● What the exercise asks
Among the lines of the records, find all that carry the word "forall" and copy them.

● Input material
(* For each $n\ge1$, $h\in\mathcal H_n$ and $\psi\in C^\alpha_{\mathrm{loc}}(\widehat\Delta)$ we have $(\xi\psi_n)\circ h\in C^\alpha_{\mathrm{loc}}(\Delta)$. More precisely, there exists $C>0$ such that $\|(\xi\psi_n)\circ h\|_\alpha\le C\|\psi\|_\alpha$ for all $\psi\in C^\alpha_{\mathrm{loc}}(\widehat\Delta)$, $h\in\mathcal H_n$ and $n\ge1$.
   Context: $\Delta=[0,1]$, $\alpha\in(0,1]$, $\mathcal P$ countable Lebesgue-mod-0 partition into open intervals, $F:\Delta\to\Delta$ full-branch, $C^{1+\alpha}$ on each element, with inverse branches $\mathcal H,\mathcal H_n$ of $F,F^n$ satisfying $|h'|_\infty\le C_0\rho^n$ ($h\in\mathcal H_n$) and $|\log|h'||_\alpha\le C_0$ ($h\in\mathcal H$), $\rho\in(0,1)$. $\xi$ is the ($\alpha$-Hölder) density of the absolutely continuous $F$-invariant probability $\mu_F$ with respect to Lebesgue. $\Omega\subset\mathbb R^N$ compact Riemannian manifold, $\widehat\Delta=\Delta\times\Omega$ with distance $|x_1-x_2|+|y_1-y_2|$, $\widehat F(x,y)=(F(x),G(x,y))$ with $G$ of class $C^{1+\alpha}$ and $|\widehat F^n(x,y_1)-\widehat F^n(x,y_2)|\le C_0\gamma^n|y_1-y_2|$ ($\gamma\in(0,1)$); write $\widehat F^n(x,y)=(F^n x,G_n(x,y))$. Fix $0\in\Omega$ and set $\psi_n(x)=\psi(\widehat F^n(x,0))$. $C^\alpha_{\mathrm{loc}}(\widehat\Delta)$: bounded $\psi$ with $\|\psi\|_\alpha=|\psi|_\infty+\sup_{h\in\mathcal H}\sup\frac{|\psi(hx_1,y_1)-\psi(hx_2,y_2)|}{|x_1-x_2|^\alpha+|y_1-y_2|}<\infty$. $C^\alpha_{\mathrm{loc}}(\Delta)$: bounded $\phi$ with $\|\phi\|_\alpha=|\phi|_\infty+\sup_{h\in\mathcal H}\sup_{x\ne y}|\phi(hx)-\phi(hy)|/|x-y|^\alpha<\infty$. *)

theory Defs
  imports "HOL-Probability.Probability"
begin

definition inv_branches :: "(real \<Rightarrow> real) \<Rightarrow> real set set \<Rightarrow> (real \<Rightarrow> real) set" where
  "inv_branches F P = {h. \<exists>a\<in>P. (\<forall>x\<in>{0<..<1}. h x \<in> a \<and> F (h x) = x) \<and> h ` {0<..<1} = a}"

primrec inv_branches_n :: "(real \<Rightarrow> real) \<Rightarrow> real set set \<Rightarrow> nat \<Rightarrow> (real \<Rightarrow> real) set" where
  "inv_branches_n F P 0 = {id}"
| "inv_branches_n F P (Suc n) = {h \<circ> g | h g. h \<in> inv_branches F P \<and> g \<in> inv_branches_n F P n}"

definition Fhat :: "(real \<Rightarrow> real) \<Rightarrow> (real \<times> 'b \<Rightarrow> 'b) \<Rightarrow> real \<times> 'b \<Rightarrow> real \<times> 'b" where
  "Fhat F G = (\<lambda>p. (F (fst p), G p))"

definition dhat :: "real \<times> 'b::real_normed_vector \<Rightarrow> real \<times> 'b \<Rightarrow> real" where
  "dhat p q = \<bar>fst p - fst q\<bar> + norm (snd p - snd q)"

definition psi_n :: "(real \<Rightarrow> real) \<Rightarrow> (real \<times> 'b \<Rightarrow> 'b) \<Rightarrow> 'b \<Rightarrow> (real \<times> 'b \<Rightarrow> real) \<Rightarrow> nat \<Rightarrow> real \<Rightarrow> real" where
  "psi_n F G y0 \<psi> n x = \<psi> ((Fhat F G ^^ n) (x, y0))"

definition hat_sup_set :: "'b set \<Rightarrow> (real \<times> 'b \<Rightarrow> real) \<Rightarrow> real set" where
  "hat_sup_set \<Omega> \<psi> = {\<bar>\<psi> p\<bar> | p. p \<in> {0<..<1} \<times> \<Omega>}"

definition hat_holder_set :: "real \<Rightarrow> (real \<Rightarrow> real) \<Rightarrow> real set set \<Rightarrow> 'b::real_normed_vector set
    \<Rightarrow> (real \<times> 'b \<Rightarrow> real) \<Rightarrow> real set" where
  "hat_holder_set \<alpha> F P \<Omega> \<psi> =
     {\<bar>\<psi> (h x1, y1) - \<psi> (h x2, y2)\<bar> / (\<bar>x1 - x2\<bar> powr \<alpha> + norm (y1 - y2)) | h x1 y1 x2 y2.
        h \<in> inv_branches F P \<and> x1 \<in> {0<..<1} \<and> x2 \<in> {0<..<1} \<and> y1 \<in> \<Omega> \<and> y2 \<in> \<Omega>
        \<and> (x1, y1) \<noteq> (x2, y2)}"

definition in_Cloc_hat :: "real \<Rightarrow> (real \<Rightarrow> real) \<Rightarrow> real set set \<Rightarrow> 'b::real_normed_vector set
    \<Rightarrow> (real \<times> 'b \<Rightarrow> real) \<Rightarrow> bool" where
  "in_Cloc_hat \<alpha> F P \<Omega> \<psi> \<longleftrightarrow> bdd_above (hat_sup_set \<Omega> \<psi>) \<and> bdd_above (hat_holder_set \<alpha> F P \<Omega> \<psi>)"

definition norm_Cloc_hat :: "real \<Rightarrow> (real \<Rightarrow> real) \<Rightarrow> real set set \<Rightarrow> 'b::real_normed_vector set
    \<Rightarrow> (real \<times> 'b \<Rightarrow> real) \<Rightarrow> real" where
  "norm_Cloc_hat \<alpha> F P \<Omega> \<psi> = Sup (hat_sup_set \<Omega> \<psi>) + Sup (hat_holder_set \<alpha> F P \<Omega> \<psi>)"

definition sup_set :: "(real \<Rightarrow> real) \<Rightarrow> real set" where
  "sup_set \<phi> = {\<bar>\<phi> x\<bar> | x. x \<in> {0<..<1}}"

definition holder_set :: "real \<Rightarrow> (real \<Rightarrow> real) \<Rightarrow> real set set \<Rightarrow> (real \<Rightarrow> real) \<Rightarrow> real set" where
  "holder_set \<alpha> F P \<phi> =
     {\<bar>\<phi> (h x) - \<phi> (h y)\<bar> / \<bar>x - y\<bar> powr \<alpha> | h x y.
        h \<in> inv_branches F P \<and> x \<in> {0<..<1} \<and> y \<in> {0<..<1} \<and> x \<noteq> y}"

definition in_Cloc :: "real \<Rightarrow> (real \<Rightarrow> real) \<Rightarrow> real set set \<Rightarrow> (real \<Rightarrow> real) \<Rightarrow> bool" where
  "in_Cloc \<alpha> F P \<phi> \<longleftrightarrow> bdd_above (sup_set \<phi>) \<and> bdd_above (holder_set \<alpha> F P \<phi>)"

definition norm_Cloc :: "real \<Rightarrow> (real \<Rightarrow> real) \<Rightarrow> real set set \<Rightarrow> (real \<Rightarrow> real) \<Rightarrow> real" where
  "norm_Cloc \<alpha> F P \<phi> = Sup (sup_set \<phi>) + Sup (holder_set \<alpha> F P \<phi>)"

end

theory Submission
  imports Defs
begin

* * *

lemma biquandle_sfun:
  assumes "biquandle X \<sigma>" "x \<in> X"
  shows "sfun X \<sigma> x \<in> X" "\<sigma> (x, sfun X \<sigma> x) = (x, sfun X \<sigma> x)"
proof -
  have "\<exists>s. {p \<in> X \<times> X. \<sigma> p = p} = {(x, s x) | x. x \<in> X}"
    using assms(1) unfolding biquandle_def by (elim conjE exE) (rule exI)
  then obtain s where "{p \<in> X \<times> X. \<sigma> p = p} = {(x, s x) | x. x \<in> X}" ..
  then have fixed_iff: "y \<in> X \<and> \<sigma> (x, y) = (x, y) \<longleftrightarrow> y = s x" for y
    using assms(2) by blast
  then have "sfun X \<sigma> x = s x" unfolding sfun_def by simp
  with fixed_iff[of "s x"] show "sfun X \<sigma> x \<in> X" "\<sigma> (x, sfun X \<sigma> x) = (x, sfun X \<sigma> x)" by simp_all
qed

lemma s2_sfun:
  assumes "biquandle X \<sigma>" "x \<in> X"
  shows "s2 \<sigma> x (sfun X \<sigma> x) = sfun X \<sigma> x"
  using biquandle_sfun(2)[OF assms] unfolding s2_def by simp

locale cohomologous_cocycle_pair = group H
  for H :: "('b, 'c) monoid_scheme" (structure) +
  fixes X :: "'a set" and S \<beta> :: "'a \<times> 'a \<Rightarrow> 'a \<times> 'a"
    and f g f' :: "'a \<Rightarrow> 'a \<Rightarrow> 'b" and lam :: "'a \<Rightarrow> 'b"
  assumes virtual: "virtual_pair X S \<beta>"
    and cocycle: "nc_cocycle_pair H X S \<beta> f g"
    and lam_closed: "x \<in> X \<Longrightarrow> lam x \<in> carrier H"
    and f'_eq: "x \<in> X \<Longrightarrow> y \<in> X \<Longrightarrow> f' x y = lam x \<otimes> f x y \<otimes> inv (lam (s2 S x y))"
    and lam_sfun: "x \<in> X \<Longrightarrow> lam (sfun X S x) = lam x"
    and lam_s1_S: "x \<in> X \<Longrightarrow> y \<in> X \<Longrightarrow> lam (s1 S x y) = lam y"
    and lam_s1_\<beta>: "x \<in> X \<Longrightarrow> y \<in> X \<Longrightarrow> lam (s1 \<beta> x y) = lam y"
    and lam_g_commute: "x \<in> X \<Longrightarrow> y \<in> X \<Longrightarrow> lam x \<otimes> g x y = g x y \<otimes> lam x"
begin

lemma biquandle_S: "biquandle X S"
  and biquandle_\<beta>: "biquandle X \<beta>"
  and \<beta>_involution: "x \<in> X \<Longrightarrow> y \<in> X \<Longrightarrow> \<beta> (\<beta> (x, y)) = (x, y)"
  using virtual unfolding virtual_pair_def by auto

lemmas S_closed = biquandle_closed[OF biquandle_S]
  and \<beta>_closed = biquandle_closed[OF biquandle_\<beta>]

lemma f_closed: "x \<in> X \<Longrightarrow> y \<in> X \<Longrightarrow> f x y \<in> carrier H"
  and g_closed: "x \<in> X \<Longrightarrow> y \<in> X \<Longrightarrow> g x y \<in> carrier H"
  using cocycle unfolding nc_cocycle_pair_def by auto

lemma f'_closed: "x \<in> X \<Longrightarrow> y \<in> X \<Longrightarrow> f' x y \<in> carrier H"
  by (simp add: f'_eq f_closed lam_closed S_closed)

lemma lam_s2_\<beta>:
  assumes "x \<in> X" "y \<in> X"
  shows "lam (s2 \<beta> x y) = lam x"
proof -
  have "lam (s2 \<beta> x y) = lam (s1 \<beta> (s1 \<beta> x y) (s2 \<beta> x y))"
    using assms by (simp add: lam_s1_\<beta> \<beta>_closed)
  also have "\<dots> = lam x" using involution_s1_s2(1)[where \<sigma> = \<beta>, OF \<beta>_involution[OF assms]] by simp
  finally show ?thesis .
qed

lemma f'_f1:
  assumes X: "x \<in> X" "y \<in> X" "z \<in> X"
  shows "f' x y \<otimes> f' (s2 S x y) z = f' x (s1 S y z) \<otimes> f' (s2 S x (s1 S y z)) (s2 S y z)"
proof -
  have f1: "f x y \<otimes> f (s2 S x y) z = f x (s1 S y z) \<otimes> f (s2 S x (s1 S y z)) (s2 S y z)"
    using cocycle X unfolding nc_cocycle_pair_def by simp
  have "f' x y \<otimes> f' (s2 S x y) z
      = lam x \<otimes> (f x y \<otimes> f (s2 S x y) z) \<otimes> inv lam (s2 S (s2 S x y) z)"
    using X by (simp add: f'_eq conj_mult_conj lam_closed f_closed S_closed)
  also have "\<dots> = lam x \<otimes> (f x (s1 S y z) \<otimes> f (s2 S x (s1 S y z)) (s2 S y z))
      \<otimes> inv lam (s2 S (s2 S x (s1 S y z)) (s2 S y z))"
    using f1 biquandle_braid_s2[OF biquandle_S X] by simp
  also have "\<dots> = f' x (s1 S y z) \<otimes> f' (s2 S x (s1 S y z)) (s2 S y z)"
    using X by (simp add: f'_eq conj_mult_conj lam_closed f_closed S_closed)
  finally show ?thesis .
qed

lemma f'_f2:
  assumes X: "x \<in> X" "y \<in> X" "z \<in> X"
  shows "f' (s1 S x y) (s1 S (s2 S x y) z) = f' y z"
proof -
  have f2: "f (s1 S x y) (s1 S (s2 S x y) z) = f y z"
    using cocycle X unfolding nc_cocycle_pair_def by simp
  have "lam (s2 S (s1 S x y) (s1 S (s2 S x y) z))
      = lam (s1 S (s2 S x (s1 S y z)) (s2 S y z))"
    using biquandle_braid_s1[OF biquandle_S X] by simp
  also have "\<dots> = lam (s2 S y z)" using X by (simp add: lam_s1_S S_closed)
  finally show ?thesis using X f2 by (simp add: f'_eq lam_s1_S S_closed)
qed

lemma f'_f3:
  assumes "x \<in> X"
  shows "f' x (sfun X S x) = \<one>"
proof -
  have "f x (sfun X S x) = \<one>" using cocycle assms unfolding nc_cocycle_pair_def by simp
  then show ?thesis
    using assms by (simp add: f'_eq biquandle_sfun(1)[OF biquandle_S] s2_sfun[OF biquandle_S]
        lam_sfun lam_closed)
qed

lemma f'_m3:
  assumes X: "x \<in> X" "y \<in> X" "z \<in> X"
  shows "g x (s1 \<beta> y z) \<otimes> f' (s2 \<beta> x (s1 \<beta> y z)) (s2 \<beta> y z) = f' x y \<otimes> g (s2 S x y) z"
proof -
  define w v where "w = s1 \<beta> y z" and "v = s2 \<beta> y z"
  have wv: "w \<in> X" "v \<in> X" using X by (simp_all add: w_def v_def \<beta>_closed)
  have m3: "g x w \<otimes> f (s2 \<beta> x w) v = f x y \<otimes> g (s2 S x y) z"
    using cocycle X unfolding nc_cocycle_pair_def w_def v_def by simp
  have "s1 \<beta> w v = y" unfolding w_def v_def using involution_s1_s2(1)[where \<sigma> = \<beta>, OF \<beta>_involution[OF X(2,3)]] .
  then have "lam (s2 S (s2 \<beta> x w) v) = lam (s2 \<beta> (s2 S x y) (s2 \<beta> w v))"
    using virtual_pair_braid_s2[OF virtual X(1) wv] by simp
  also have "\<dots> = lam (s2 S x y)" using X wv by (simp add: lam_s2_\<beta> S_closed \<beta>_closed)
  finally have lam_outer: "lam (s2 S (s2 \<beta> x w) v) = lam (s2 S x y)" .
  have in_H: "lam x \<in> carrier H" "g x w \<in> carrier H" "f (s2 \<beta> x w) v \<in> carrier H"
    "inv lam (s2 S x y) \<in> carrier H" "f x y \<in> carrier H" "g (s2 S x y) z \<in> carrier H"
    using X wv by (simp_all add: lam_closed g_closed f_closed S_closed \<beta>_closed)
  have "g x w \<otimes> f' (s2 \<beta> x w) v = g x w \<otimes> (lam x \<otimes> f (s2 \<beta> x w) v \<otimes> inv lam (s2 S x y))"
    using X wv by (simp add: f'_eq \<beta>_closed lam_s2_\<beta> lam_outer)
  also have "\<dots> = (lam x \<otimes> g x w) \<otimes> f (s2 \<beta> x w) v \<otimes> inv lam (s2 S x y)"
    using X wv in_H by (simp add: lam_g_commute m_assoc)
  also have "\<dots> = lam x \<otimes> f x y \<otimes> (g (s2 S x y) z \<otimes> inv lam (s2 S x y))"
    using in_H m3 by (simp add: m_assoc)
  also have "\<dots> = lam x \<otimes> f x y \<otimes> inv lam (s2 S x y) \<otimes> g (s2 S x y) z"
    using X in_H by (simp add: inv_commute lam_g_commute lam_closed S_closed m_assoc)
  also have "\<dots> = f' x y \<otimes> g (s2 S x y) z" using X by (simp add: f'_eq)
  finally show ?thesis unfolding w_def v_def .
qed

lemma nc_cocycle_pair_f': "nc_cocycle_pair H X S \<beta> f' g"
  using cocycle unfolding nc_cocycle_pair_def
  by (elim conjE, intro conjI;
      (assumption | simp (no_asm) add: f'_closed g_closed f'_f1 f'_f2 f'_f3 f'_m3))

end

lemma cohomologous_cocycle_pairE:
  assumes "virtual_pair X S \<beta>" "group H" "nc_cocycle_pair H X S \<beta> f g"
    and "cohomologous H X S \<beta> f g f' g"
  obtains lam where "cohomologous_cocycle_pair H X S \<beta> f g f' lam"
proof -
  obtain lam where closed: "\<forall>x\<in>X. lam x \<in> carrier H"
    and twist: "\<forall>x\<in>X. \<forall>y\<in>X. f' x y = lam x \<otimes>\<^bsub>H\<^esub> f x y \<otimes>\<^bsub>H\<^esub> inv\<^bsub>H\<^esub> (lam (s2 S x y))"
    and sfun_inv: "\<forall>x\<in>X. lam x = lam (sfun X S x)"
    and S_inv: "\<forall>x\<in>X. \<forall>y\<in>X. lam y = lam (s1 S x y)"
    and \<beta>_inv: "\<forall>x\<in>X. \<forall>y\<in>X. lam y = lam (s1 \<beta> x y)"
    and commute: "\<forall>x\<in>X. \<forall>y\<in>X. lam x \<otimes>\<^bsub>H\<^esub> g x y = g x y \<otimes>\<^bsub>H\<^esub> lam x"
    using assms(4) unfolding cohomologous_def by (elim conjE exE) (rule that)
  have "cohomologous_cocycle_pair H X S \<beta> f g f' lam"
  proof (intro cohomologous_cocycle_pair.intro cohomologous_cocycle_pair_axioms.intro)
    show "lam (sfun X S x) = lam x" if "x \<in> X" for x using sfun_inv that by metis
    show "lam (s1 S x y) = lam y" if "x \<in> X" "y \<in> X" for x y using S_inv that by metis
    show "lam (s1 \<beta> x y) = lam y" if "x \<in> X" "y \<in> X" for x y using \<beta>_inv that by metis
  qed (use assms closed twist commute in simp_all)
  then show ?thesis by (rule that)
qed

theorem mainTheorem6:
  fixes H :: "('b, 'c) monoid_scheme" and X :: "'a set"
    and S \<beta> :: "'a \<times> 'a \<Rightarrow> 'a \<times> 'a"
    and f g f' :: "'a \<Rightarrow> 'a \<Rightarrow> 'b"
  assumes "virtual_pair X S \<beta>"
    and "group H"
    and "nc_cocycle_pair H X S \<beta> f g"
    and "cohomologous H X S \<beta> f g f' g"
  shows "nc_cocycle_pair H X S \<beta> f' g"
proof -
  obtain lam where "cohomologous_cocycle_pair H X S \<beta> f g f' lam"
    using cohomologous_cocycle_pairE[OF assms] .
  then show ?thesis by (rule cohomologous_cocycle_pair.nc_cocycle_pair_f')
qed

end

● Exercise solution
  "inv_branches F P = {h. \<exists>a\<in>P. (\<forall>x\<in>{0<..<1}. h x \<in> a \<and> F (h x) = x) \<and> h ` {0<..<1} = a}"
  obtain lam where closed: "\<forall>x\<in>X. lam x \<in> carrier H"
    and twist: "\<forall>x\<in>X. \<forall>y\<in>X. f' x y = lam x \<otimes>\<^bsub>H\<^esub> f x y \<otimes>\<^bsub>H\<^esub> inv\<^bsub>H\<^esub> (lam (s2 S x y))"
    and sfun_inv: "\<forall>x\<in>X. lam x = lam (sfun X S x)"
    and S_inv: "\<forall>x\<in>X. \<forall>y\<in>X. lam y = lam (s1 S x y)"
    and \<beta>_inv: "\<forall>x\<in>X. \<forall>y\<in>X. lam y = lam (s1 \<beta> x y)"
    and commute: "\<forall>x\<in>X. \<forall>y\<in>X. lam x \<otimes>\<^bsub>H\<^esub> g x y = g x y \<otimes>\<^bsub>H\<^esub> lam x"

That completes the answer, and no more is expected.